С тех самых пор камфару впрыскивали постоянно, но заметного облегчения это не приносило. Со станции Гаврилу Николаевича со всей осторожностью перевезли в дом исправника Протасова. Хозяин с тех пор находился при Луженовском безотлучно, приезжали и другие. Для приезжих справиться о здоровье в соседней комнате накрыли стол с водкой и закусками. Была отправлена телеграмма в Тамбов губернатору фон дер Лауницу и родным Луженовского. Ждали приезда в Борисоглебск его матери и жены, Веры Константиновны.
Отправив арестованную в полицейский участок, в квартиру воротился Петр Аврамов. Подойдя к столу и выпив подряд несколько рюмок водки, он подсел к постели раненого. Лицо Луженовского, и обычно бывшее нездорового цвета, теперь стало совсем восково-желтым. Он лежал на спине, щеки дряблыми складками свисали на подушки, глаза почти скрыты веками. Заметив Аврамова, Луженовский шевельнул губами, словно хотел что-то сказать. Аврамов наклонился к нему:
— Что, Гаврила Николаевич?
— Как… — губы разлеплялись с трудом, а раз разлепившись, никак не хотели сомкнуться обратно, — как… там?
Аврамов понял, что речь об арестованной.
— Все будет сделано как надо, — успокоил он раненого. — Пока молчит, но в конце концов обо всем расскажет, не сомневайтесь. С ней пока Тихон.
— При ней… что-нибудь нашли?
— Тихон нашел дорожную корзинку с книгой, кажется «Странички жизни». Говорит, книга из местной публичной библиотеки.
Луженовский с трудом кивнул. Тут накатил очередной приступ боли, он охнул и шумно, со всхлипом втянул в себя воздух.

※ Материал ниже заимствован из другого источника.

(* For all $R\in(0,1)$ and all $Z_n=(z_1,\dots,z_n)\in U^n$, \[ \max_{|z|\le R}|B_q(Z_n,z)|\ge |q(0)|\prod_{j=1}^n\max\{R,|z_j|\}. \]
   Context: $U$ is the open unit disc and $E\subset U$ is a set with infinitely many points whose set $E_0$ of nontangential limit points has Lebesgue measure zero on $\partial U$ (a point $\zeta\in\partial U$ is a nontangential limit point of $E$ if some sequence $(w_n)$ in $E$ satisfies $w_n\to\zeta$ and $|w_n-\zeta|=O(1-|w_n|)$). The function $q$ is defined as follows: if $\overline E\cap\partial U=\emptyset$, $q\equiv1$; otherwise $q$ is a holomorphic function on $U$ with $0<|q(z)|<1$ on $U$ and $\lim_{z\in E,|z|\to1}q(z)=0$ (such a function exists by a theorem of Hayman), normalized so that $\sup_U|q|=1$. For $Z_n=(z_1,\dots,z_n)$, $B(Z_n,z)=\prod_{j=1}^n\frac{z-z_j}{1-\overline{z_j}z}$ and $B_q(Z_n,z)=B(Z_n,z)q(z)$. *)

theory Defs
  imports "HOL-Complex_Analysis.Complex_Analysis"
begin

definition blaschke :: "nat \<Rightarrow> (nat \<Rightarrow> complex) \<Rightarrow> complex \<Rightarrow> complex" where
  "blaschke n zs z = (\<Prod>j=1..n. (z - zs j) / (1 - cnj (zs j) * z))"

definition nt_limit_point :: "complex set \<Rightarrow> complex \<Rightarrow> bool" where
  "nt_limit_point E \<zeta> \<longleftrightarrow> norm \<zeta> = 1 \<and>
     (\<exists>w :: nat \<Rightarrow> complex. (\<forall>n. w n \<in> E) \<and> w \<longlonglongrightarrow> \<zeta> \<and>
        (\<exists>C. \<forall>n. norm (w n - \<zeta>) \<le> C * (1 - norm (w n))))"

definition nt_limit_set :: "complex set \<Rightarrow> complex set" where
  "nt_limit_set E = {\<zeta>. nt_limit_point E \<zeta>}"

definition circle_null :: "complex set \<Rightarrow> bool" where
  "circle_null A \<longleftrightarrow> {t \<in> {0..2*pi}. cis t \<in> A} \<in> null_sets lborel"

end

theory Submission
  imports Defs
begin

text \<open>Divide each Blaschke factor whose zero a lies in the open disc of radius R by the
  Blaschke factor R (z - a) / (R^2 - cnj a z) of that disc; the quotient is reflected_factor R a,
  with its zero R^2 / cnj a moved outside the disc. The divisor is unimodular on the circle of
  radius R, so the product g of q with the resulting factors has the same modulus as
  blaschke n zs * q there, while the factor for zs j now has modulus max R (norm (zs j)) at 0.
  The maximum modulus principle for g on the disc of radius R gives the bound.\<close>

definition blaschke_factor :: "complex \<Rightarrow> complex \<Rightarrow> complex" where
  "blaschke_factor a z = (z - a) / (1 - cnj a * z)"

definition reflected_factor :: "real \<Rightarrow> complex \<Rightarrow> complex \<Rightarrow> complex" where
  "reflected_factor R a z = (complex_of_real (R\<^sup>2) - cnj a * z) / (complex_of_real R * (1 - cnj a * z))"

lemma blaschke_eq_prod_blaschke_factor:
  "blaschke n zs z = (\<Prod>j=1..n. blaschke_factor (zs j) z)"
  unfolding blaschke_def blaschke_factor_def ..

lemma blaschke_denominator_nonzero:
  fixes a z :: complex
  assumes "norm a < 1" "norm z < 1"
  shows "1 - cnj a * z \<noteq> 0"
proof
  assume "1 - cnj a * z = 0"
  then have "norm a * norm z = 1"
    by (metis complex_mod_cnj eq_iff_diff_eq_0 norm_mult norm_one)
  moreover have "norm a * norm z < 1"
    using assms mult_left_le[of "norm z" "norm a"] by simp
  ultimately show False by simp
qed

lemma holomorphic_on_blaschke_factor:
  "norm a < 1 \<Longrightarrow> blaschke_factor a holomorphic_on ball 0 1"
  unfolding blaschke_factor_def
  using blaschke_denominator_nonzero by (intro holomorphic_intros) auto

lemma holomorphic_on_reflected_factor:
  "norm a < 1 \<Longrightarrow> 0 < R \<Longrightarrow> reflected_factor R a holomorphic_on ball 0 1"
  unfolding reflected_factor_def
  using blaschke_denominator_nonzero by (intro holomorphic_intros) auto

lemma holomorphic_on_blaschke:
  "\<forall>j\<in>{1..n}. zs j \<in> ball 0 1 \<Longrightarrow> blaschke n zs holomorphic_on ball 0 1"
  unfolding blaschke_eq_prod_blaschke_factor[abs_def]
  by (intro holomorphic_on_prod) (auto intro: holomorphic_on_blaschke_factor)

lemma norm_reflected_factor_sphere:
  fixes a z :: complex
  assumes "norm z = R" "0 < R"
  shows "norm (reflected_factor R a z) = norm (blaschke_factor a z)"
proof -
  have "complex_of_real (R\<^sup>2) = z * cnj z"
    using assms(1) by (metis complex_norm_square)
  then have "complex_of_real (R\<^sup>2) - cnj a * z = z * cnj (z - a)"
    by (simp add: algebra_simps)
  then have "norm (complex_of_real (R\<^sup>2) - cnj a * z) = R * norm (z - a)"
    using assms(1) by (metis complex_mod_cnj norm_mult)
  then show ?thesis
    using assms by (simp add: reflected_factor_def blaschke_factor_def norm_divide norm_mult)
qed

lemma norm_reflected_factor_0: "0 < R \<Longrightarrow> norm (reflected_factor R a 0) = R"
  by (simp add: reflected_factor_def norm_divide power2_eq_square)

lemma norm_blaschke_factor_0: "norm (blaschke_factor a 0) = norm a"
  by (simp add: blaschke_factor_def)

lemma norm_center_le_Sup_cball_if_norm_eq_on_sphere:
  fixes f g :: "complex \<Rightarrow> complex"
  assumes "g holomorphic_on ball c r" "continuous_on (cball c r) g"
    and "continuous_on (cball c r) f" "0 < r"
    and "\<And>z. z \<in> sphere c r \<Longrightarrow> norm (g z) = norm (f z)"
  shows "norm (g c) \<le> (SUP z\<in>cball c r. norm (f z))"
proof (rule maximum_modulus_frontier[where f = g and S = "ball c r" and \<xi> = c])
  have "compact ((\<lambda>z. norm (f z)) ` cball c r)"
    using assms(3) by (intro compact_continuous_image continuous_intros) auto
  then have bdd: "bdd_above ((\<lambda>z. norm (f z)) ` cball c r)"
    by (simp add: bounded_imp_bdd_above compact_imp_bounded)
  fix z assume "z \<in> frontier (ball c r)"
  then have "z \<in> sphere c r"
    using \<open>0 < r\<close> by simp
  then show "norm (g z) \<le> (SUP z\<in>cball c r. norm (f z))"
    using assms(5) bdd by (auto intro: cSUP_upper)
qed (use assms in auto)

lemma norm_mult_prod_max_le_Sup_blaschke:
  fixes q :: "complex \<Rightarrow> complex"
  assumes q: "q holomorphic_on ball 0 1"
    and R: "0 < R" "R < 1"
    and zs: "\<forall>j\<in>{1..n}. zs j \<in> ball 0 1"
  shows "norm (q 0) * (\<Prod>j=1..n. max R (norm (zs j)))
           \<le> (SUP z\<in>cball 0 R. norm (blaschke n zs z * q z))"
proof -
  define h where "h j = (if norm (zs j) < R then reflected_factor R (zs j)
                         else blaschke_factor (zs j))" for j
  define g where "g z = q z * (\<Prod>j=1..n. h j z)" for z
  have "h j holomorphic_on ball 0 1" if "j \<in> {1..n}" for j
    using zs that R
    by (simp add: h_def holomorphic_on_reflected_factor holomorphic_on_blaschke_factor)
  then have g: "g holomorphic_on ball 0 1"
    unfolding g_def using q by (intro holomorphic_intros) auto
  have f: "(\<lambda>z. blaschke n zs z * q z) holomorphic_on ball 0 1"
    using holomorphic_on_blaschke[OF zs] q by (intro holomorphic_intros)
  have sub: "cball 0 R \<subseteq> ball 0 1"
    using R by auto
  have "norm (g 0) \<le> (SUP z\<in>cball 0 R. norm (blaschke n zs z * q z))"
  proof (rule norm_center_le_Sup_cball_if_norm_eq_on_sphere)
    show "g holomorphic_on ball 0 R"
      using g R by (auto intro: holomorphic_on_subset)
    show "continuous_on (cball 0 R) g" "continuous_on (cball 0 R) (\<lambda>z. blaschke n zs z * q z)"
      using g f sub by (auto intro: holomorphic_on_imp_continuous_on continuous_on_subset)
    fix z :: complex assume "z \<in> sphere 0 R"
    then have "norm (h j z) = norm (blaschke_factor (zs j) z)" for j
      using R by (simp add: h_def norm_reflected_factor_sphere)
    then show "norm (g z) = norm (blaschke n zs z * q z)"
      by (simp add: g_def blaschke_eq_prod_blaschke_factor norm_mult prod_norm[symmetric])
  qed (use R in auto)
  moreover have "norm (h j 0) = max R (norm (zs j))" for j
    using R by (simp add: h_def norm_reflected_factor_0 norm_blaschke_factor_0)
  then have "norm (g 0) = norm (q 0) * (\<Prod>j=1..n. max R (norm (zs j)))"
    by (simp add: g_def norm_mult prod_norm[symmetric])
  ultimately show ?thesis
    by simp
qed

theorem proposition3p2:
  fixes E :: "complex set" and q :: "complex \<Rightarrow> complex"
    and R :: real and n :: nat and zs :: "nat \<Rightarrow> complex"
  assumes E_sub: "E \<subseteq> ball 0 1"
    and E_inf: "infinite E"
    and E0_null: "circle_null (nt_limit_set E)"
    and q_triv: "closure E \<inter> sphere 0 1 = {} \<Longrightarrow> (\<forall>z\<in>ball 0 1. q z = 1)"
    and q_nontriv: "closure E \<inter> sphere 0 1 \<noteq> {} \<Longrightarrow>
        q holomorphic_on ball 0 1 \<and>
        (\<forall>z\<in>ball 0 1. 0 < norm (q z) \<and> norm (q z) < 1) \<and>
        (\<forall>\<epsilon>>0. \<exists>r<1. \<forall>z\<in>E. r < norm z \<longrightarrow> norm (q z) < \<epsilon>) \<and>
        (SUP z\<in>ball 0 1. norm (q z)) = 1"
    and R: "0 < R" "R < 1"
    and zs: "\<forall>j\<in>{1..n}. zs j \<in> ball 0 1"
  shows "(SUP z\<in>cball 0 R. norm (blaschke n zs z * q z))
           \<ge> norm (q 0) * (\<Prod>j=1..n. max R (norm (zs j)))"
proof -
  have "q holomorphic_on ball 0 1"
  proof (cases "closure E \<inter> sphere 0 1 = {}")
    case True
    then have "\<forall>z\<in>ball 0 1. q z = 1"
      using q_triv by blast
    then show ?thesis
      using holomorphic_transform[of "\<lambda>_. 1" "ball 0 1" q] by auto
  next
    case False
    then show ?thesis
      using q_nontriv by blast
  qed
  then show ?thesis
    using norm_mult_prod_max_le_Sup_blaschke R zs by simp
qed

end
(* Let $p_1\neq p_2$ be points of $\beta\mathbb{N}\setminus\mathbb{N}$. Then the closed subspace $X=\{g\in C(\beta\mathbb{N}): g(p_1)=g(p_2)\}$ of $C(\beta\mathbb{N})$ fails the ball fixed point property.
   Context: $\beta\mathbb{N}$ is the Čech–Stone compactification of $\mathbb{N}$. $C(K)$ is the real Banach space of continuous functions on a compact space $K$ with the sup norm. A real Banach space $X$ has the ball fixed point property (BFPP) if every nonexpansive map $T\colon B_X\to B_X$ (i.e. $\|Tx-Ty\|\le\|x-y\|$) has a fixed point, where $B_X$ is the closed unit ball. *)

theory Defs
  imports "HOL-Analysis.Analysis"
begin

text \<open>The type 'k (with its topology) together with e is a Stone-Cech compactification
  of the discrete space of naturals: compact Hausdorff, e is an embedding of discrete nat
  (injective with isolated image points), the image is dense, and every bounded real
  sequence extends to a continuous function on 'k.\<close>
definition stone_cech_nat :: "(nat \<Rightarrow> 'k::t2_space) \<Rightarrow> bool" where
  "stone_cech_nat e \<longleftrightarrow>
     compact (UNIV :: 'k set) \<and> inj e \<and> (\<forall>n. open {e n}) \<and>
     closure (range e) = UNIV \<and>
     (\<forall>f :: nat \<Rightarrow> real. bounded (range f) \<longrightarrow>
        (\<exists>g. continuous_on UNIV g \<and> (\<forall>n. g (e n) = f n)))"

definition bfpp :: "'a::real_normed_vector set \<Rightarrow> bool" where
  "bfpp S \<longleftrightarrow>
     (\<forall>T. (\<forall>x\<in>S \<inter> cball 0 1. T x \<in> S \<inter> cball 0 1) \<and>
          (\<forall>x\<in>S \<inter> cball 0 1. \<forall>y\<in>S \<inter> cball 0 1. norm (T x - T y) \<le> norm (x - y))
          \<longrightarrow> (\<exists>x\<in>S \<inter> cball 0 1. T x = x))"

end

theory Submission
  imports Defs
begin

text \<open>Extending \<open>n \<mapsto> 1/(n+1)\<close> gives a continuous weight \<open>w : \<beta>\<nat> \<rightarrow> [0,1]\<close> that is
  positive on \<open>\<nat>\<close> and vanishes on the remainder; choose also \<open>s \<in> C(\<beta>\<nat>)\<close> with
  \<open>s(p\<^sub>1) = 1\<close>, \<open>s(p\<^sub>2) = 0\<close>. The map \<open>T g = (1 - w) g + w s\<close> is nonexpansive, maps the
  unit ball into itself, and leaves the values at \<open>p\<^sub>1, p\<^sub>2\<close> untouched, so it maps the
  ball of \<open>X\<close> into itself. A fixed point of \<open>T\<close> agrees with \<open>s\<close> on \<open>\<nat>\<close>, hence
  everywhere by density, which is impossible in \<open>X\<close> since \<open>s(p\<^sub>1) \<noteq> s(p\<^sub>2)\<close>.\<close>

lemma abs_convex_comb_le:
  fixes u a b c :: real
  assumes "u \<in> {0..1}" "\<bar>a\<bar> \<le> c" "\<bar>b\<bar> \<le> c"
  shows "\<bar>(1 - u) * a + u * b\<bar> \<le> c"
proof -
  have "\<bar>(1 - u) * a + u * b\<bar> \<le> (1 - u) * \<bar>a\<bar> + u * \<bar>b\<bar>"
    using assms(1) abs_triangle_ineq[of "(1 - u) * a" "u * b"] by (simp add: abs_mult)
  also have "\<dots> \<le> c"
    using assms by (intro convex_bound_le) auto
  finally show ?thesis .
qed

lemma closure_tail_of_dense_sequence:
  fixes e :: "nat \<Rightarrow> 'a::t1_space"
  assumes "closure (range e) = UNIV" "p \<notin> range e"
  shows "p \<in> closure (e ` {N..})"
proof -
  have "{..<N} \<union> {N..} = (UNIV :: nat set)"
    by auto
  then have "range e = e ` {..<N} \<union> e ` {N..}"
    by (metis image_Un)
  then have "closure (range e) = e ` {..<N} \<union> closure (e ` {N..})"
    by (simp add: closure_closed finite_imp_closed)
  then show ?thesis
    using assms by auto
qed

lemma continuous_at_remainder_eq_limit:
  fixes e :: "nat \<Rightarrow> 'a::t1_space" and f :: "'a \<Rightarrow> 'b::metric_space"
  assumes "closure (range e) = UNIV" "p \<notin> range e"
    and "continuous_on UNIV f" "(\<lambda>n. f (e n)) \<longlonglongrightarrow> L"
  shows "f p = L"
proof -
  have close: "dist L (f p) \<le> \<epsilon>" if "\<epsilon> > 0" for \<epsilon>
  proof -
    obtain N where N: "\<And>n. n \<ge> N \<Longrightarrow> dist (f (e n)) L < \<epsilon>"
      using assms(4) \<open>\<epsilon> > 0\<close> unfolding lim_sequentially by blast
    have "f (e n) \<in> cball L \<epsilon>" if "n \<ge> N" for n
      using N[OF that] by (simp add: dist_commute)
    then have "f ` e ` {N..} \<subseteq> cball L \<epsilon>"
      by auto
    then have "f ` closure (e ` {N..}) \<subseteq> cball L \<epsilon>"
      by (rule image_closure_subset[OF continuous_on_subset[OF assms(3) subset_UNIV] closed_cball])
    then show ?thesis
      using closure_tail_of_dense_sequence[OF assms(1,2), of N] by (meson image_subset_iff mem_cball)
  qed
  have "dist L (f p) \<le> 0"
    by (rule field_le_epsilon) (simp add: close)
  then show ?thesis
    by simp
qed

lemma open_subset_closure_of_dense_sequence:
  assumes "closure (range e) = UNIV" "open U"
  shows "U \<subseteq> closure (e ` {n. e n \<in> U})"
proof -
  have "U \<inter> range e = e ` {n. e n \<in> U}"
    by auto
  then show ?thesis
    using open_Int_closure_subset[OF assms(2), of "range e"] assms(1) by simp
qed

lemma stone_cech_nat_dense: "stone_cech_nat e \<Longrightarrow> closure (range e) = UNIV"
  unfolding stone_cech_nat_def by blast

lemma stone_cech_nat_extension_into:
  fixes e :: "nat \<Rightarrow> 'k::t2_space" and f :: "nat \<Rightarrow> real"
  assumes "stone_cech_nat e" "closed C" "bounded C" "\<And>n. f n \<in> C"
  obtains g where "continuous_on UNIV g" "\<And>n. g (e n) = f n" "\<And>t. g t \<in> C"
proof -
  have "range f \<subseteq> C"
    using assms(4) by auto
  then have "bounded (range f)"
    by (rule bounded_subset[OF assms(3)])
  then obtain g where g: "continuous_on UNIV g" "\<And>n. g (e n) = f n"
    using assms(1) unfolding stone_cech_nat_def by blast
  have "g ` range e \<subseteq> C"
    using \<open>range f \<subseteq> C\<close> by (auto simp: g(2))
  then have "g ` closure (range e) \<subseteq> C"
    by (rule image_closure_subset[OF continuous_on_subset[OF g(1) subset_UNIV] assms(2)])
  then have "g t \<in> C" for t
    unfolding stone_cech_nat_dense[OF assms(1)] by blast
  with g show thesis
    by (rule that)
qed

lemma stone_cech_nat_weight:
  fixes e :: "nat \<Rightarrow> 'k::t2_space"
  assumes "stone_cech_nat e"
  obtains w :: "'k \<Rightarrow> real" where "continuous_on UNIV w" "\<And>t. w t \<in> {0..1}" "\<And>n. w (e n) > 0"
    "\<And>p. p \<notin> range e \<Longrightarrow> w p = 0"
proof -
  have in_unit_interval: "inverse (real (Suc n)) \<in> {0..1}" for n
    by (simp add: inverse_le_1_iff)
  obtain w where w: "continuous_on UNIV w" "\<And>n. w (e n) = inverse (real (Suc n))"
    "\<And>t. w t \<in> {0..1}"
    using stone_cech_nat_extension_into[where f = "\<lambda>n. inverse (real (Suc n))",
        OF assms closed_atLeastAtMost compact_imp_bounded[OF compact_Icc] in_unit_interval]
    by metis
  have "(\<lambda>n. w (e n)) \<longlonglongrightarrow> 0"
    unfolding w(2) by (rule LIMSEQ_inverse_real_of_nat)
  then have vanishing: "w p = 0" if "p \<notin> range e" for p
    by (rule continuous_at_remainder_eq_limit[OF stone_cech_nat_dense[OF assms] that w(1)])
  have "w (e n) > 0" for n
    by (simp add: w(2))
  then show thesis
    by (rule that[OF w(1,3) _ vanishing])
qed

lemma stone_cech_nat_separating:
  fixes e :: "nat \<Rightarrow> 'k::t2_space" and p1 p2 :: 'k
  assumes "stone_cech_nat e" "p1 \<noteq> p2"
  obtains s :: "'k \<Rightarrow> real" where "continuous_on UNIV s" "\<And>t. s t \<in> {0..1}" "s p1 = 1" "s p2 = 0"
proof -
  obtain U1 U2 where U: "open U1" "open U2" "p1 \<in> U1" "p2 \<in> U2" "U1 \<inter> U2 = {}"
    using hausdorff[OF assms(2)] by blast
  define f :: "nat \<Rightarrow> real" where "f n = (if e n \<in> U1 then 1 else 0)" for n
  have "f n \<in> {0..1}" for n
    by (simp add: f_def)
  then obtain s where s: "continuous_on UNIV s" "\<And>n. s (e n) = f n" "\<And>t. s t \<in> {0..1}"
    using stone_cech_nat_extension_into[OF assms(1) closed_atLeastAtMost compact_imp_bounded[OF compact_Icc]]
    by blast
  have dense: "closure (range e) = UNIV"
    using stone_cech_nat_dense[OF assms(1)] .
  have const_on_closure: "s x = c"
    if "x \<in> closure (e ` {n. e n \<in> U})" "\<And>n. e n \<in> U \<Longrightarrow> s (e n) = c" for x U c
    using continuous_on_subset[OF s(1) subset_UNIV] _ that(1)
    by (rule continuous_constant_on_closure) (auto simp: that(2))
  have "p1 \<in> closure (e ` {n. e n \<in> U1})"
    using open_subset_closure_of_dense_sequence[OF dense U(1)] U(3) by blast
  then have "s p1 = 1"
    by (rule const_on_closure) (simp add: s(2) f_def)
  have "p2 \<in> closure (e ` {n. e n \<in> U2})"
    using open_subset_closure_of_dense_sequence[OF dense U(2)] U(4) by blast
  then have "s p2 = 0"
    by (rule const_on_closure) (use U(5) in \<open>auto simp: s(2) f_def\<close>)
  with \<open>s p1 = 1\<close> show thesis
    by (rule that[OF s(1,3)])
qed

definition pull_towards ::
    "('a::topological_space \<Rightarrow> real) \<Rightarrow> ('a \<Rightarrow> real) \<Rightarrow> ('a \<Rightarrow>\<^sub>C real) \<Rightarrow> ('a \<Rightarrow>\<^sub>C real)" where
  "pull_towards w s g = Bcontfun (\<lambda>t. (1 - w t) * g t + w t * s t)"

context
  fixes w s :: "'a::topological_space \<Rightarrow> real"
  assumes continuous_w: "continuous_on UNIV w" and continuous_s: "continuous_on UNIV s"
    and w_range: "\<And>t. w t \<in> {0..1}" and s_bound: "\<And>t. \<bar>s t\<bar> \<le> 1"
begin

lemma pull_towards_apply:
  "apply_bcontfun (pull_towards w s g) t = (1 - w t) * g t + w t * s t"
proof -
  have "(\<lambda>t. (1 - w t) * g t + w t * s t) \<in> bcontfun"
  proof (rule bcontfun_normI)
    show "continuous_on UNIV (\<lambda>t. (1 - w t) * g t + w t * s t)"
      by (intro continuous_intros continuous_w continuous_s continuous_on_apply_bcontfun)
    show "norm ((1 - w t) * g t + w t * s t) \<le> norm g + 1" for t
      using norm_bounded[of g t] s_bound[of t]
      by (simp only: real_norm_def) (intro abs_convex_comb_le w_range; simp)
  qed
  then show ?thesis
    unfolding pull_towards_def by (simp add: Bcontfun_inverse)
qed

lemma norm_pull_towards_le_1:
  assumes "norm g \<le> 1"
  shows "norm (pull_towards w s g) \<le> 1"
proof (rule norm_bound)
  fix t
  have "\<bar>g t\<bar> \<le> 1"
    using norm_bounded[of g t] assms by simp
  then show "norm (apply_bcontfun (pull_towards w s g) t) \<le> 1"
    using s_bound[of t] w_range[of t] by (simp add: pull_towards_apply abs_convex_comb_le)
qed

lemma pull_towards_nonexpansive:
  "norm (pull_towards w s f - pull_towards w s g) \<le> norm (f - g)"
proof (rule norm_bound)
  fix t
  have "apply_bcontfun (pull_towards w s f - pull_towards w s g) t = (1 - w t) * (f t - g t)"
    by (simp add: pull_towards_apply algebra_simps)
  then have "norm (apply_bcontfun (pull_towards w s f - pull_towards w s g) t)
      = (1 - w t) * \<bar>f t - g t\<bar>"
    using w_range[of t] by (simp add: abs_mult)
  also have "\<dots> \<le> \<bar>f t - g t\<bar>"
    using w_range[of t] by (simp add: mult_left_le_one_le)
  also have "\<dots> \<le> norm (f - g)"
    using norm_bounded[of "f - g" t] by simp
  finally show "norm (apply_bcontfun (pull_towards w s f - pull_towards w s g) t) \<le> norm (f - g)" .
qed

lemma pull_towards_fixpoint:
  assumes "pull_towards w s g = g" "w t \<noteq> 0"
  shows "g t = s t"
proof -
  have "w t * (s t - g t) = 0"
    using arg_cong[OF assms(1), of "\<lambda>h. apply_bcontfun h t"]
    by (simp add: pull_towards_apply algebra_simps)
  then show ?thesis
    using assms(2) by simp
qed

end

lemma not_bfpp_bcontfun_eq_at_points:
  fixes w s :: "'a::topological_space \<Rightarrow> real"
  assumes "continuous_on UNIV w" "continuous_on UNIV s" "\<And>t. w t \<in> {0..1}" "\<And>t. \<bar>s t\<bar> \<le> 1"
    and "closure {t. w t \<noteq> 0} = UNIV" "w p1 = 0" "w p2 = 0" "s p1 \<noteq> s p2"
  shows "\<not> bfpp {g :: 'a \<Rightarrow>\<^sub>C real. apply_bcontfun g p1 = apply_bcontfun g p2}"
    (is "\<not> bfpp ?X")
proof
  let ?T = "pull_towards w s"
  assume "bfpp ?X"
  then have "(\<forall>g\<in>?X \<inter> cball 0 1. ?T g \<in> ?X \<inter> cball 0 1) \<and>
      (\<forall>f\<in>?X \<inter> cball 0 1. \<forall>g\<in>?X \<inter> cball 0 1. norm (?T f - ?T g) \<le> norm (f - g))
      \<longrightarrow> (\<exists>g\<in>?X \<inter> cball 0 1. ?T g = g)"
    unfolding bfpp_def by (rule spec)
  moreover have "?T g \<in> ?X \<inter> cball 0 1" if "g \<in> ?X \<inter> cball 0 1" for g
    using that norm_pull_towards_le_1[OF assms(1-4)] by (simp add: pull_towards_apply[OF assms(1-4)] assms(6,7))
  ultimately obtain g where g: "g \<in> ?X" "?T g = g"
    using pull_towards_nonexpansive[OF assms(1-4)] by blast
  have continuous_diff: "continuous_on (closure {t. w t \<noteq> 0}) (\<lambda>t. g t - s t)"
    using continuous_on_subset[OF assms(2)] by (intro continuous_on_diff) auto
  have diff_zero: "g t - s t = 0" for t
  proof (rule continuous_constant_on_closure[OF continuous_diff])
    show "g x - s x = 0" if "x \<in> {t. w t \<noteq> 0}" for x
      using pull_towards_fixpoint[OF assms(1-4) g(2)] that by simp
    show "t \<in> closure {t. w t \<noteq> 0}"
      unfolding assms(5) ..
  qed
  have "s p1 = s p2"
    using diff_zero[of p1] diff_zero[of p2] g(1) by simp
  with assms(8) show False ..
qed

theorem mainTheorem5:
  fixes e :: "nat \<Rightarrow> 'k::t2_space" and p1 p2 :: 'k
  assumes "stone_cech_nat e"
    and "p1 \<notin> range e" and "p2 \<notin> range e" and "p1 \<noteq> p2"
  shows "\<not> bfpp {g :: ('k \<Rightarrow>\<^sub>C real). apply_bcontfun g p1 = apply_bcontfun g p2}"
proof -
  obtain w :: "'k \<Rightarrow> real" where w: "continuous_on UNIV w" "\<And>t. w t \<in> {0..1}" "\<And>n. w (e n) > 0"
    "\<And>p. p \<notin> range e \<Longrightarrow> w p = 0"
    using stone_cech_nat_weight[OF assms(1)] by blast
  obtain s :: "'k \<Rightarrow> real" where s: "continuous_on UNIV s" "\<And>t. s t \<in> {0..1}" "s p1 = 1" "s p2 = 0"
    using stone_cech_nat_separating[OF assms(1,4)] by blast
  have "w (e n) \<noteq> 0" for n
    using w(3)[of n] by simp
  then have "closure (range e) \<subseteq> closure {t. w t \<noteq> 0}"
    by (intro closure_mono) auto
  then have dense: "closure {t. w t \<noteq> 0} = UNIV"
    unfolding stone_cech_nat_dense[OF assms(1)] by blast
  have s_bound: "\<bar>s t\<bar> \<le> 1" for t
    using s(2)[of t] by simp
  show ?thesis
    using s(3,4) by (intro not_bfpp_bcontfun_eq_at_points[OF w(1) s(1) w(2) s_bound dense
        w(4)[OF assms(2)] w(4)[OF assms(3)]]) simp
qed

end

— Ох, Гаврила Николаевич! — вдруг завыл Аврамов, схватившись за голову и раскачиваясь из стороны в сторону. — Ох, что ты наделал! Угораздило же тебя!
Исправник подошел к подъесаулу и похлопал его по плечу, призывая успокоиться. Луженовский сделал знак, что хочет еще что-то сказать. Аврамов прекратил на полуслове причитания и наклонился к постели раненого.
— Ты вот что, Петя, — прошелестел Луженовский, — вот что… Поезжай-ка в здешнюю библиотеку с обыском… Видно… рассадник крамолы…
— И то верно, — поддержал исправник, — возьми двадцать казаков и две подводы, отправляйся живо, не теряя ни минуты, скорее! И будь мужествен! А потом — в участок, продолжай свое дело.